● **HOW TO COMPLETE THIS TASK**: The lines below are to be quoted exactly, from the first through the one that contains "cos (real m".

[Opening DATASET RECORDS section]

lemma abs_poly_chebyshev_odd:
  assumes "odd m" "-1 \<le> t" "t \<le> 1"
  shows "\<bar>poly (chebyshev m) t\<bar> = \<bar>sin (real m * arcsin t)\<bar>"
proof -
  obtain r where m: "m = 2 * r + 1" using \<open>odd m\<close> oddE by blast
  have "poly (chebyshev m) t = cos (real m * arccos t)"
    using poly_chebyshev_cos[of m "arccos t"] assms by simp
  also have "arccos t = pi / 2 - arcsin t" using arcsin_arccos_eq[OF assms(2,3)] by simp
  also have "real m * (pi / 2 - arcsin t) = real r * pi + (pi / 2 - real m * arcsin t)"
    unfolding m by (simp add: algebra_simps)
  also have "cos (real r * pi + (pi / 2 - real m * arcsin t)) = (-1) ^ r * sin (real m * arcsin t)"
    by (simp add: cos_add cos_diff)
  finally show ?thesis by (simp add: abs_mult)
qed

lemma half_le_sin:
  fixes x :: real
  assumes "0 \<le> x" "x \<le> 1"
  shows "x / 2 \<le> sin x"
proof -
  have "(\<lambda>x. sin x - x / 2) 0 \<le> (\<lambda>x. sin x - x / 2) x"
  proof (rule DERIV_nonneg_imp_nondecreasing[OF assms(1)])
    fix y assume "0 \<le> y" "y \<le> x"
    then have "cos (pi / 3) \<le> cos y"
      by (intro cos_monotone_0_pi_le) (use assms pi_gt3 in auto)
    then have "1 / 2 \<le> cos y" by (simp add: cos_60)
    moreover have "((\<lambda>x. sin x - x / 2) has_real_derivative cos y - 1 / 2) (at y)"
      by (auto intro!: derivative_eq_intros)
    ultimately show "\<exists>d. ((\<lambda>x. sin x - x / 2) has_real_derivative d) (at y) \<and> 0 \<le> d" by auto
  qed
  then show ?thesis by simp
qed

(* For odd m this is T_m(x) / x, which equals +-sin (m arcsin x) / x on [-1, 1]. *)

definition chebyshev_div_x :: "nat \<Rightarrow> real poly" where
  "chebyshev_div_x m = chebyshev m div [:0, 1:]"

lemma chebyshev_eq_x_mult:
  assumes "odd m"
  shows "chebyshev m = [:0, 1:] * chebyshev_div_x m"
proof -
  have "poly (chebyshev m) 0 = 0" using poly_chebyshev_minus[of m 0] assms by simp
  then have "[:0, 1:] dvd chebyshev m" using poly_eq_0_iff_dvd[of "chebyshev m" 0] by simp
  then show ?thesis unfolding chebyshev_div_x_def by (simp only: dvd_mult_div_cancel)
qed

[Closing DATASET RECORDS section]

● **SOLUTION TO THE EXERCISE**:
lemma abs_poly_chebyshev_odd:
  assumes "odd m" "-1 \<le> t" "t \<le> 1"
  shows "\<bar>poly (chebyshev m) t\<bar> = \<bar>sin (real m * arcsin t)\<bar>"
proof -
  obtain r where m: "m = 2 * r + 1" using \<open>odd m\<close> oddE by blast
  have "poly (chebyshev m) t = cos (real m * arccos t)"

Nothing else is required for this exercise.